Finz tried the cases and earned 1st lieutenant honors before his discharge in August of 1946, and met his soon-to-be wife Pearl while on terminal leave from the service.

When Finz returned from the war, he enrolled again at NYU on the G.I. Bill majoring in history and English, later graduating from law school and passing the New York state bar examination in 1951. He also joined the local Associated Musicians of Greater New York, joining a band that sought a saxophone player who could sing.

“I figured I’d try this out for two years and if I make it I’ll stick with it,” Finz said.

Before long, Finz was playing five club nights a week and attracting the likes of Al Jolson, who saw him perform at a Milwaukee lounge in 1949 and complimented his style after the show.

“I had a big belting kind of voice,” Finz said. “I was compared to Al Jolson, not that I played his kind of music but I was that kind of performer.”

Finz was later invited to sing at the Al Jolson memorial concert at Madison Square Garden after the singer’s death in 1950, and Billboard Magazine referred to Lennie Forrest and Steve Lawrence, a contemporary, as “Singers of the Future,” Finz said, and he even came close to landing the lead role in the 1952 version of “The Jazz Singer,” which went to Danny Thomas.

“You’ve got to remember, Danny Thomas was a big name at the time,” Finz said. “Lenny Forrest, I was just getting started.”

By the late 1950s, Finz had abandoned music and gone on to practice law, and his prestige rose such that he ran for Congress in 1962 and became President John F. Kennedy’s spokesman in Queens and Nassau on Medicare, which would later be passed under President Lyndon B. Johnson.

In 1965, Finz was elected as a judge to the New York City Civil court, and would later be elected a state Supreme Court Justice, where he would serve until 1978 before stepping down to practice as a trial lawyer.

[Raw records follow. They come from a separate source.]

lemma ex_chart_preimage: "B \<subseteq> {0..k} \<Longrightarrow> B \<noteq> {} \<Longrightarrow> \<exists>X\<in>D. f X = B"
proof -
  assume "B \<subseteq> {0..k}" "B \<noteq> {}"
  then have "B \<in> f ` D"
    using bij_betw_imp_surj_on[OF bij] by (simp add: simplex_faces_def)
  then show ?thesis by blast
qed

lemma chart_inj: "X \<in> D \<Longrightarrow> Y \<in> D \<Longrightarrow> f X = f Y \<Longrightarrow> X = Y"
  using bij by (auto simp: bij_betw_def inj_on_def)

lemma vertex_iff_singleton:
  assumes v: "v \<in> D"
  shows "v \<in> vertices P le \<longleftrightarrow> (\<exists>i. f v = {i})"
proof
  assume vertex: "v \<in> vertices P le"
  obtain i where i: "i \<in> f v"
    using chart_in_faces[OF v] by blast
  then obtain u where u: "u \<in> D" "f u = {i}"
    using ex_chart_preimage[of "{i}"] chart_in_faces[OF v] by blast
  then have "le u v"
    using le_iff_subset[OF u(1) v] i by simp
  then have "u = v"
    using vertex u(1) D_iff unfolding vertices_def by blast
  with u show "\<exists>i. f v = {i}" by blast
next
  assume "\<exists>i. f v = {i}"
  then obtain i where i: "f v = {i}" ..
  have "u = v" if u: "u \<in> P" "le u v" for u
  proof -
    have "u \<in> D" using below_in_D[OF v u] .
    then have "f u = f v"
      using le_iff_subset[OF _ v] u(2) chart_in_faces i by (metis subset_singleton_iff)
    then show ?thesis using chart_inj \<open>u \<in> D\<close> v by blast
  qed
  then show "v \<in> vertices P le"
    using v D_iff unfolding vertices_def by blast
qed
text \<open>Both sides equal y times the product of phi (y + i - k) over the cells (i, k) of the diagram:
  the left side telescopes along columns, the right side along rows.\<close>

lemma conjugate_ratio_identity:
  assumes y: "shift_generic y"
  shows "shift y (- int (q 1)) *
      (\<Prod>k\<in>{1..q 1}. shift y (int (conjugate q k) - int k + 1) / shift y (int (conjugate q k) - int k))
    = shift y (int L) * (\<Prod>i\<in>{1..L}. shift y (int i - int (q i) - 1) / shift y (int i - int (q i)))"
proof -
  define \<Phi> where "\<Phi> = (\<Prod>i\<in>{1..L}. \<Prod>k\<in>{1..q i}. phi (shift y (int i - int k)))"
  have column: "shift y (int (conjugate q k) - int k + 1) / shift y (int (conjugate q k) - int k)
      = shift y (1 - int k) / shift y (- int k) * (\<Prod>i\<in>{1..conjugate q k}. phi (shift y (int i - int k)))"
    for k
    using shift_ratio_telescope[OF shift_generic_shift[OF y, of "- int k"], of "conjugate q k"]
    by (simp add: algebra_simps)
  have row: "shift y (int i - int (q i) - 1) / shift y (int i - int (q i))
      = shift y (int i - 1) / shift y (int i) * (\<Prod>k\<in>{1..q i}. phi (shift y (int i - int k)))"
    for i
    using shift_ratio_telescope_down[OF shift_generic_shift[OF y, of "int i"], of "q i"]
    by (simp add: algebra_simps)
  have "(\<Prod>k\<in>{1..q 1}. shift y (int (conjugate q k) - int k + 1) / shift y (int (conjugate q k) - int k))
      = y / shift y (- int (q 1)) * \<Phi>"
    unfolding column prod.distrib prod_shift_quotient_down[OF y] \<Phi>_def prod_diagram_transpose ..
  moreover have "(\<Prod>i\<in>{1..L}. shift y (int i - int (q i) - 1) / shift y (int i - int (q i)))
      = y / shift y (int L) * \<Phi>"
    unfolding row prod.distrib prod_shift_quotient[OF y] \<Phi>_def ..
  ultimately show ?thesis
    using y by simp
qed
lemma plotkin_bound_iff:
  assumes "(\<lambda>_. False) \<in> U" "(\<lambda>_. False) \<in> V"
  shows "(\<forall>u\<in>U. \<forall>v\<in>V. (\<exists>j<M. u j \<or> v j) \<longrightarrow> d \<le> e * (weight M (\<lambda>j. u j \<noteq> v j) + weight M v))
     \<longleftrightarrow> (\<forall>u\<in>U. (\<exists>j<M. u j) \<longrightarrow> d \<le> e * weight M u)
       \<and> (\<forall>v\<in>V. (\<exists>j<M. v j) \<longrightarrow> d \<le> 2 * e * weight M v)" (is "?pairs \<longleftrightarrow> ?low \<and> ?high")
proof (intro iffI conjI)
  assume ?pairs
  have no_weight: "weight M (\<lambda>_. False) = 0" by (simp add: weight_def)
  show ?low
  proof (intro ballI impI)
    fix u assume "u \<in> U" "\<exists>j<M. u j"
    then show "d \<le> e * weight M u"
      using \<open>?pairs\<close>[rule_format, OF _ assms(2)] by (simp add: no_weight)
  qed
  show ?high
  proof (intro ballI impI)
    fix v assume "v \<in> V" "\<exists>j<M. v j"
    then have "d \<le> e * (weight M v + weight M v)"
      using \<open>?pairs\<close>[rule_format, OF assms(1)] by simp
    then show "d \<le> 2 * e * weight M v" by (simp add: distrib_left distrib_right)
  qed
next
  assume "?low \<and> ?high"
  then have ?low and ?high by blast+
  show ?pairs
  proof (intro ballI impI)
    fix u v assume uv: "u \<in> U" "v \<in> V" "\<exists>j<M. u j \<or> v j"
    show "d \<le> e * (weight M (\<lambda>j. u j \<noteq> v j) + weight M v)"
    proof (cases "\<exists>j<M. u j")
      case True
      then have "d \<le> e * weight M u" using \<open>?low\<close> uv by blast
      also have "\<dots> \<le> e * (weight M (\<lambda>j. u j \<noteq> v j) + weight M v)"
        using weight_xor_le by simp
      finally show ?thesis .
    next
      case False
      then have "weight M (\<lambda>j. u j \<noteq> v j) = weight M v" by (auto intro: weight_cong)
      moreover have "\<exists>j<M. v j" using uv(3) False by blast
      then have "d \<le> 2 * e * weight M v" using \<open>?high\<close> uv(2) by blast
      ultimately show ?thesis by (simp add: distrib_left distrib_right)
    qed
  qed
qed

section \<open>Codes spanned by rows of T2 \<otimes> B\<close>

definition row_sum :: "nat \<Rightarrow> bmat \<Rightarrow> nat set \<Rightarrow> nat \<Rightarrow> bool" where
  "row_sum m B S = (\<lambda>j. j < m \<and> odd (card {i\<in>S. B i j}))"

lemma code_of_rows_eq: "code_of_rows m B R = row_sum m B ` Pow R"
  unfolding code_of_rows_def row_sum_def by auto

lemma zero_in_code_of_rows: "(\<lambda>_. False) \<in> code_of_rows m B R"
proof -
  have "row_sum m B {} = (\<lambda>_. False)" by (simp add: row_sum_def)
  then show ?thesis unfolding code_of_rows_eq by (metis Pow_bottom image_eqI)
qed

lemma bkron_T2_blocks:
  assumes "i < M" "j < M"
  shows "bkron T2 M M B i j = B i j" and "\<not> bkron T2 M M B i (j + M)"
    and "bkron T2 M M B (i + M) j = B i j" and "bkron T2 M M B (i + M) (j + M) = B i j"
  using assms by (simp_all add: bkron_def T2_def div_add_self2 gr_implies_not0)
lemma irreducible_even_root_square_parts:
  fixes t :: "'a :: field_char_0"
  assumes "irreducible p" and "poly (map_poly of_rat p) t = 0"
    and "poly (map_poly of_rat p) (- t) = 0" and "t \<noteq> 0"
    and "(poly (map_poly of_rat v) (t\<^sup>2) + t * poly (map_poly of_rat w) (t\<^sup>2))\<^sup>2
           = poly (map_poly of_rat g) (t\<^sup>2)"
  shows "poly (map_poly of_rat v) (t\<^sup>2) * poly (map_poly of_rat w) (t\<^sup>2) = 0"
proof -
  define r where
    "r = pcompose (v * v + [:0, 1:] * (w * w) - g) [:0, 0, 1:] + [:0, 2:] * pcompose (v * w) [:0, 0, 1:]"
  have poly_r: "poly (map_poly of_rat r) x
      = (poly (map_poly of_rat v) (x\<^sup>2) + x * poly (map_poly of_rat w) (x\<^sup>2))\<^sup>2
        - poly (map_poly of_rat g) (x\<^sup>2)" for x :: 'a
    by (simp add: r_def power2_eq_square algebra_simps)
  have "poly (map_poly of_rat r) (- t) = 0"
    using assms(5) by (intro irreducible_root_transfer[OF assms(1-3)]) (simp add: poly_r)
  then have "(poly (map_poly of_rat v) (t\<^sup>2) - t * poly (map_poly of_rat w) (t\<^sup>2))\<^sup>2
      = poly (map_poly of_rat g) (t\<^sup>2)"
    by (simp add: poly_r)
  with assms(5) have "(poly (map_poly of_rat v) (t\<^sup>2) + t * poly (map_poly of_rat w) (t\<^sup>2))\<^sup>2
      - (poly (map_poly of_rat v) (t\<^sup>2) - t * poly (map_poly of_rat w) (t\<^sup>2))\<^sup>2 = 0"
    by simp
  then have "4 * t * (poly (map_poly of_rat v) (t\<^sup>2) * poly (map_poly of_rat w) (t\<^sup>2)) = 0"
    by (simp add: power2_eq_square algebra_simps)
  with assms(4) show ?thesis by simp
qed
lemma upper_box_dim_graph_le: "upper_box_dim G \<le> ereal (3 - \<gamma>)"
proof -
  define K where "K = (max (b - a) (d - c) + 2)\<^sup>2 * (4 * L + 3)"
  have "0 < K" using rect L_nonneg by (simp add: K_def max_def)
  have "eventually (\<lambda>\<delta>. 0 < real (cover_number \<delta> G) \<and>
          real (cover_number \<delta> G) \<le> K * 3 powr (3 - \<gamma>) * \<delta> powr (- (3 - \<gamma>))) (at_right 0)"
    using eventually_at_right_real[OF zero_less_one]
  proof eventually_elim
    case (elim \<delta>)
    then obtain C where C: "C \<in> delta_covers (3 * (\<delta> / 3)) G"
        "real (card C) \<le> K * (\<delta> / 3) powr (\<gamma> - 3)"
      using graph_cell_cover[of "\<delta> / 3"] unfolding K_def by auto
    have "real (cover_number \<delta> G) \<le> real (card C)"
      using cover_number_le_card C(1) by simp
    also have "\<dots> \<le> K * 3 powr (3 - \<gamma>) * \<delta> powr (- (3 - \<gamma>))"
      using C(2) elim by (simp add: powr_divide powr_minus_divide divide_powr_uminus field_simps)
    finally show ?case
      using cover_number_pos[OF graph_nonempty graph_delta_covers_nonempty] elim by simp
  qed
  then show ?thesis
    unfolding upper_box_dim_def using \<open>0 < K\<close> by (intro Limsup_log_ratio_le) auto
qed

lemma graph_dimension_bounds:
  "2 \<le> hausdorff_dim G \<and> hausdorff_dim G \<le> lower_box_dim G \<and>
   lower_box_dim G \<le> upper_box_dim G \<and> upper_box_dim G \<le> ereal (3 - \<gamma>)"
  using two_le_hausdorff_dim[of a c b d G] rect
    hausdorff_dim_le_lower_box_dim[OF graph_nonempty graph_delta_covers_nonempty]
    lower_box_dim_le_upper_box_dim upper_box_dim_graph_le
  by (simp add: fst_graph_on)

end

lemma holder_graph_katugampola_mixed:
  fixes f :: "real \<times> real \<Rightarrow> real"
  assumes "continuous_on (cbox (a, c) (b, d)) f" "0 < a" "a < b" "0 < c" "c < d"
    "-1 < p" "p \<le> 0" "-1 < q" "q \<le> 0" "0 < \<alpha>" "0 < \<beta>"
  obtains L where
    "holder_graph a b c d L (min (min \<alpha> 1) (min \<beta> 1)) (katugampola_mixed p q a c \<alpha> \<beta> f)"
proof -
  obtain L where "0 < L"
    "\<And>P Q. P \<in> cbox (a, c) (b, d) \<Longrightarrow> Q \<in> cbox (a, c) (b, d) \<Longrightarrow>
       \<bar>katugampola_mixed p q a c \<alpha> \<beta> f P - katugampola_mixed p q a c \<alpha> \<beta> f Q\<bar>
         \<le> L * dist P Q powr min (min \<alpha> 1) (min \<beta> 1)"
    using katugampola_mixed_holder[of a c b d f p q \<alpha> \<beta>] assms by blast
  then show ?thesis using assms by (intro that[of L]) (unfold_locales, auto)
qed

theorem mainTheorem8:
  fixes f :: "real \<times> real \<Rightarrow> real" and a b c d p q \<alpha> \<beta> :: real
  assumes "continuous_on (cbox (a, c) (b, d)) f"
    and "0 < a" "a < b" "0 < c" "c < d"
    and "-1 < p" "p \<le> 0" "-1 < q" "q \<le> 0"
  shows "(0 < \<alpha> \<and> \<alpha> < 1 \<and> 0 < \<beta> \<and> \<beta> < 1 \<longrightarrow>
           (let G = graph_on a b c d (katugampola_mixed p q a c \<alpha> \<beta> f) in
              2 \<le> hausdorff_dim G \<and> hausdorff_dim G \<le> upper_box_dim G \<and>
              upper_box_dim G \<le> ereal (3 - min \<alpha> \<beta>)))
       \<and> (1 \<le> \<alpha> \<and> 1 \<le> \<beta> \<longrightarrow>
           (let G = graph_on a b c d (katugampola_mixed p q a c \<alpha> \<beta> f) in
              box_dim_exists G \<and> hausdorff_dim G = 2 \<and> box_dim G = 2))"
proof -
  let ?G = "graph_on a b c d (katugampola_mixed p q a c \<alpha> \<beta> f)"
  have bounds: "2 \<le> hausdorff_dim ?G \<and> hausdorff_dim ?G \<le> lower_box_dim ?G \<and>
      lower_box_dim ?G \<le> upper_box_dim ?G \<and> upper_box_dim ?G \<le> ereal (3 - min (min \<alpha> 1) (min \<beta> 1))"
    if pos: "0 < \<alpha>" "0 < \<beta>"
  proof -
    obtain L where "holder_graph a b c d L (min (min \<alpha> 1) (min \<beta> 1)) (katugampola_mixed p q a c \<alpha> \<beta> f)"
      using holder_graph_katugampola_mixed[OF assms pos] .
    then show ?thesis by (rule holder_graph.graph_dimension_bounds)
  qed
  show ?thesis
  proof (intro conjI impI)
    assume "0 < \<alpha> \<and> \<alpha> < 1 \<and> 0 < \<beta> \<and> \<beta> < 1"
    then show "let G = ?G in 2 \<le> hausdorff_dim G \<and> hausdorff_dim G \<le> upper_box_dim G \<and>
        upper_box_dim G \<le> ereal (3 - min \<alpha> \<beta>)"
      using bounds by (auto simp: Let_def intro: order_trans)
  next
    assume "1 \<le> \<alpha> \<and> 1 \<le> \<beta>"
    then have "2 \<le> hausdorff_dim ?G" "hausdorff_dim ?G \<le> lower_box_dim ?G"
      "lower_box_dim ?G \<le> upper_box_dim ?G" "upper_box_dim ?G \<le> 2"
      using bounds by auto
    then show "let G = ?G in box_dim_exists G \<and> hausdorff_dim G = 2 \<and> box_dim G = 2"
      unfolding Let_def box_dim_exists_def box_dim_def by (metis antisym order_trans)
  qed
qed

end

”It was unheard of that a young judge would resign from the state Supreme Court,” Finz said.

Finz said he considers his landmark case to be a successful 1979 lawsuit against the pharmaceutical manufacturer Eli Lily and Company, whose medication to curb miscarriages resulted in daughters born to those patients to have vaginal cancer.

To reach a favorable verdict, Finz had to specifically link Lily to the vaginal cancers springing up, a difficult task because of the variety of copycat drugs on the market at the time.

But Finz argued on a theory that if Lily hadn’t initially put its drug, known as Diethylstilbestrol, on the market, the copycats would not have existed.

“It opened the gates of justice for other victims to go ahead with their own proceedings,” Finz said.

In 1984, Finz founded the medical malpractice firm Finz & Finz, P.C., which has offices in Mineola and Manhattan and is currently operated by Finz’s son Stuart.

The Finz family may soon be able to operate as its own firm, as Stuart’s wife Cheri is a lawyer, their daughter Jacqueline recently graduated from Toro Law School and is studying for the bar exam, and their son Brandon graduated from the University of Miami School of Business and will attend Georgetown University’s law school this fall.

Leonard Finz’ daughter Saundra is married to Jerrold Parker, a founding partner of the medical malpractice firm Parker Waichman LLP, whose Long Island office is based in Port Washington. Their daughter Brittany is set to graduate from the University of Baltimore’s School of Law, and their son Sean will enter Loyola University New Orleans College of Law this fall.

“To think, it all started in 1945 when I was assigned as a defense counsel as a high school graduate,” Finz said.

Finz said he draws upon his life experiences as a soldier, entertainer and judge to come up with the “plenty of ideas” he has for future novels, hoping to build upon a possible Connors series following two unrelated works, “Arrowhead” (2005) and “The Paragon Conspiracy” (2011). 

“I’m hoping someone is at the other end of my words and being moved by what I have to say and what I have to write about,” Finz said.

He added, “If the good lord is amenable, I hope to write a dozen more.”